Does anyone else have any suggestions to get my Altima back running again???


----------



## MrJPorter (Aug 21, 2006)

By the way, the spark plugs are looking mighty fine as well...


----------



## enjoy_incubus (Aug 26, 2004)

check your main fuses and your belts.


----------



## MrJPorter (Aug 21, 2006)

enjoy_incubus said:


> check your main fuses and your belts.


We checked all fuses and they work. Which belts are we supposed to check (and how)?


----------



## LONDONDERRY (May 19, 2004)

Do this. Remove the distributor car and rotor then the cover on the distributor itself. If there is any oil present there, then you have a bad distributor. Veyr common problem


----------



## mnoerpel (Feb 19, 2006)

The Same thing happened to my 1994 Altima last night.

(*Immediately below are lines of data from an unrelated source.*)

(* Let $M$ be a finite set of alternatives, $\mathcal{R}$ the set of weak preference orders on $M$, and $\varphi:\mathcal{R}\to\Delta(M)$ a mechanism. If $\varphi$ is separation monotonic, separation upper invariant, and separation lower invariant, then it is separation strategyproof, i.e., for every separation $(R,R')$, $\varphi(R)$ first order-stochastically dominates $\varphi(R')$ at $R$, and $\varphi(R')$ first order-stochastically dominates $\varphi(R)$ at $R'$.
   Context: A preference order is a complete, transitive relation $R$ on $M$; $a\,I\,b$ means $a\,R\,b$ and $b\,R\,a$; $a\,P\,b$ means $a\,R\,b$ and not $b\,R\,a$. Write $R$ as $M_1\,P\,\cdots\,P\,M_K$ where $(M_k)$ are the nonempty indifference classes ordered so that $a\,P\,b$ for $a\in M_k$, $b\in M_{k'}$, $k<k'$. For $A\subseteq M$, $\varphi_A(R)=\sum_{a\in A}(\varphi(R))_a$. A lottery $x$ first order-stochastically dominates $y$ at $R$ if $\sum_{j: j R a}x_j\ge\sum_{j: j R a}y_j$ for all $a\in M$. A separation is a pair $(R,R')$ such that, with $R=M_1\,P\,\cdots\,P\,M_K$, there are $\kappa\in\{1,\dots,K\}$ and a partition of $M_\kappa$ into disjoint nonempty $M_\kappa^1,M_\kappa^2$ with $R'=M_1\,P'\,\cdots\,P'\,M_{\kappa-1}\,P'\,M_\kappa^1\,P'\,M_\kappa^2\,P'\,M_{\kappa+1}\,P'\,\cdots\,P'\,M_K$ (indifference within each listed set). Axioms, for every separation $(R,R')$: separation responsive: $\varphi_{M_\kappa^1}(R')\ge\varphi_{M_\kappa^1}(R)$ and $\varphi_{M_\kappa^2}(R')\le\varphi_{M_\kappa^2}(R)$; separation direct: if $\varphi_{M_k}(R)\ne\varphi_{M_k}(R')$ for some $k\in\{1,\dots,K\}$ then $\varphi_{M_\kappa^1}(R')\ne\varphi_{M_\kappa^1}(R)$ and $\varphi_{M_\kappa^2}(R')\ne\varphi_{M_\kappa^2}(R)$; separation monotonic: responsive and direct; separation upper invariant: $\varphi_{M_k}(R)=\varphi_{M_k}(R')$ for $k<\kappa$; separation lower invariant: $\varphi_{M_k}(R)=\varphi_{M_k}(R')$ for $k>\kappa$. *)

theory Defs
  imports Complex_Main
begin

text \<open>A weak preference order on M: a complete, transitive relation on M
  (represented as a subset of M \<times> M; (a,b) \<in> R means a R b).\<close>
definition pref_order :: "'a set \<Rightarrow> 'a rel \<Rightarrow> bool" where
  "pref_order M R \<longleftrightarrow> R \<subseteq> M \<times> M \<and> refl_on M R \<and> total_on M R \<and> trans R"

definition lottery :: "'a set \<Rightarrow> ('a \<Rightarrow> real) \<Rightarrow> bool" where
  "lottery M x \<longleftrightarrow> (\<forall>a\<in>M. x a \<ge> 0) \<and> (\<Sum>a\<in>M. x a) = 1"

definition mechanism :: "'a set \<Rightarrow> ('a rel \<Rightarrow> 'a \<Rightarrow> real) \<Rightarrow> bool" where
  "mechanism M \<phi> \<longleftrightarrow> (\<forall>R. pref_order M R \<longrightarrow> lottery M (\<phi> R))"

definition prob_of :: "('a rel \<Rightarrow> 'a \<Rightarrow> real) \<Rightarrow> 'a rel \<Rightarrow> 'a set \<Rightarrow> real" where
  "prob_of \<phi> R A = (\<Sum>a\<in>A. \<phi> R a)"

definition ind_class :: "'a set \<Rightarrow> 'a rel \<Rightarrow> 'a set \<Rightarrow> bool" where
  "ind_class M R X \<longleftrightarrow> (\<exists>a\<in>M. X = {b\<in>M. (a,b) \<in> R \<and> (b,a) \<in> R})"

definition strictly_above :: "'a rel \<Rightarrow> 'a set \<Rightarrow> 'a set \<Rightarrow> bool" where
  "strictly_above R X Y \<longleftrightarrow> (\<forall>x\<in>X. \<forall>y\<in>Y. (x,y) \<in> R \<and> (y,x) \<notin> R)"

text \<open>(R,R') is a separation splitting the indifference class M_\<kappa> = A \<union> B of R
  into M_\<kappa>^1 = A above M_\<kappa>^2 = B, all else unchanged.\<close>
definition separation :: "'a set \<Rightarrow> 'a rel \<Rightarrow> 'a rel \<Rightarrow> 'a set \<Rightarrow> 'a set \<Rightarrow> bool" where
  "separation M R R' A B \<longleftrightarrow>
     pref_order M R \<and> ind_class M R (A \<union> B) \<and> A \<noteq> {} \<and> B \<noteq> {} \<and> A \<inter> B = {} \<and>
     R' = R - B \<times> A"

definition sep_responsive :: "'a set \<Rightarrow> ('a rel \<Rightarrow> 'a \<Rightarrow> real) \<Rightarrow> bool" where
  "sep_responsive M \<phi> \<longleftrightarrow> (\<forall>R R' A B. separation M R R' A B \<longrightarrow>
     prob_of \<phi> R' A \<ge> prob_of \<phi> R A \<and> prob_of \<phi> R' B \<le> prob_of \<phi> R B)"

definition sep_direct :: "'a set \<Rightarrow> ('a rel \<Rightarrow> 'a \<Rightarrow> real) \<Rightarrow> bool" where
  "sep_direct M \<phi> \<longleftrightarrow> (\<forall>R R' A B. separation M R R' A B \<longrightarrow>
     (\<exists>X. ind_class M R X \<and> prob_of \<phi> R X \<noteq> prob_of \<phi> R' X) \<longrightarrow>
     prob_of \<phi> R' A \<noteq> prob_of \<phi> R A \<and> prob_of \<phi> R' B \<noteq> prob_of \<phi> R B)"

definition sep_monotonic :: "'a set \<Rightarrow> ('a rel \<Rightarrow> 'a \<Rightarrow> real) \<Rightarrow> bool" where
  "sep_monotonic M \<phi> \<longleftrightarrow> sep_responsive M \<phi> \<and> sep_direct M \<phi>"

definition sep_upper_invariant :: "'a set \<Rightarrow> ('a rel \<Rightarrow> 'a \<Rightarrow> real) \<Rightarrow> bool" where
  "sep_upper_invariant M \<phi> \<longleftrightarrow> (\<forall>R R' A B. separation M R R' A B \<longrightarrow>
     (\<forall>X. ind_class M R X \<and> strictly_above R X (A \<union> B) \<longrightarrow> prob_of \<phi> R X = prob_of \<phi> R' X))"

definition sep_lower_invariant :: "'a set \<Rightarrow> ('a rel \<Rightarrow> 'a \<Rightarrow> real) \<Rightarrow> bool" where
  "sep_lower_invariant M \<phi> \<longleftrightarrow> (\<forall>R R' A B. separation M R R' A B \<longrightarrow>
     (\<forall>X. ind_class M R X \<and> strictly_above R (A \<union> B) X \<longrightarrow> prob_of \<phi> R X = prob_of \<phi> R' X))"

definition fosd :: "'a set \<Rightarrow> 'a rel \<Rightarrow> ('a \<Rightarrow> real) \<Rightarrow> ('a \<Rightarrow> real) \<Rightarrow> bool" where
  "fosd M R x y \<longleftrightarrow> (\<forall>a\<in>M. (\<Sum>j\<in>{j\<in>M. (j,a) \<in> R}. x j) \<ge> (\<Sum>j\<in>{j\<in>M. (j,a) \<in> R}. y j))"

definition sep_strategyproof :: "'a set \<Rightarrow> ('a rel \<Rightarrow> 'a \<Rightarrow> real) \<Rightarrow> bool" where
  "sep_strategyproof M \<phi> \<longleftrightarrow> (\<forall>R R' A B. separation M R R' A B \<longrightarrow>
     fosd M R (\<phi> R) (\<phi> R') \<and> fosd M R' (\<phi> R') (\<phi> R))"

end

theory Submission
  imports Defs
begin

text \<open>Upper and lower invariance fix the probability of every indifference class of R other than
  the split class M_\<kappa>; as both outcomes are lotteries, M_\<kappa> keeps its probability as well.
  Upper contour sets of R are unions of indifference classes, so \<phi>(R) and \<phi>(R') give them equal
  probability, which yields dominance at R. Under R' the upper contour set of an alternative in
  M_\<kappa>^1 is the one under R with M_\<kappa>^2 removed, and responsiveness says that the
  probability of M_\<kappa>^2 can only drop; all other upper contour sets agree for R and R'.\<close>

definition indiff_class :: "'a set \<Rightarrow> 'a rel \<Rightarrow> 'a \<Rightarrow> 'a set" where
  "indiff_class M R a = {b\<in>M. (a,b) \<in> R \<and> (b,a) \<in> R}"

lemma ind_class_iff: "ind_class M R X \<longleftrightarrow> (\<exists>a\<in>M. X = indiff_class M R a)"
  unfolding ind_class_def indiff_class_def ..

lemma pref_orderD:
  assumes "pref_order M R"
  shows "R \<subseteq> M \<times> M" and "\<And>a. a \<in> M \<Longrightarrow> (a,a) \<in> R"
    and "\<And>a b. a \<in> M \<Longrightarrow> b \<in> M \<Longrightarrow> (a,b) \<in> R \<or> (b,a) \<in> R" and "trans R"
  using assms unfolding pref_order_def refl_on_def total_on_def by (auto, metis)

lemma indiff_class_eq:
  assumes "pref_order M R" and "b \<in> indiff_class M R a"
  shows "indiff_class M R b = indiff_class M R a"
  using assms pref_orderD(4)[OF assms(1)] unfolding indiff_class_def by (auto dest: transD)

lemma self_in_indiff_class:
  assumes "pref_order M R" and "a \<in> M"
  shows "a \<in> indiff_class M R a"
  using assms pref_orderD(2)[OF assms(1)] unfolding indiff_class_def by blast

I let my roommate borrow my car and she said it stalled right before they got home, but she was able to start it up again and drive it the 100 yards to our house, but she said it was steaming. This morning I checked on it and there was no coolant in it at all. I filled it up, but it wouldn't start. The ECM gave me the code 34, knock sensor. It's sitting in my muddy driveway and I can't get to the knock sensor, but I checked the distributor and there is a small crack on the cap (I may have actually done this when I removed it, but it's) and the distributor is loose. I don't know if it's supposed to be like that but my intuition and friends who know more about cars than I do, both say it's not. And I didn't see any oil on or around the distributor.

Thanks,

matt


----------



## dmcgreal (May 7, 2006)

*how to check your distributer for oil*

1... take the plug wires off the distributer cap

2... take th distributer cap off set to the side

3... take the rotor off

4... slide the protectant plate off be carefull there is a rubber ring gasket do not loose this the plate is as round as the distributer.

5... than behind that plate is a little disk looks like a cd but smaller it should be very clean and shiny if there is oil on it the distributer is bad dont try to clean it that will not solve the problem you must replace it to fix it 

now that should solve all your problems just take your time and do it right the first time i had the same problems and have not had them since good luck


----------



## enjoy_incubus (Aug 26, 2004)

MrJPorter said:


> We checked all fuses and they work. Which belts are we supposed to check (and how)?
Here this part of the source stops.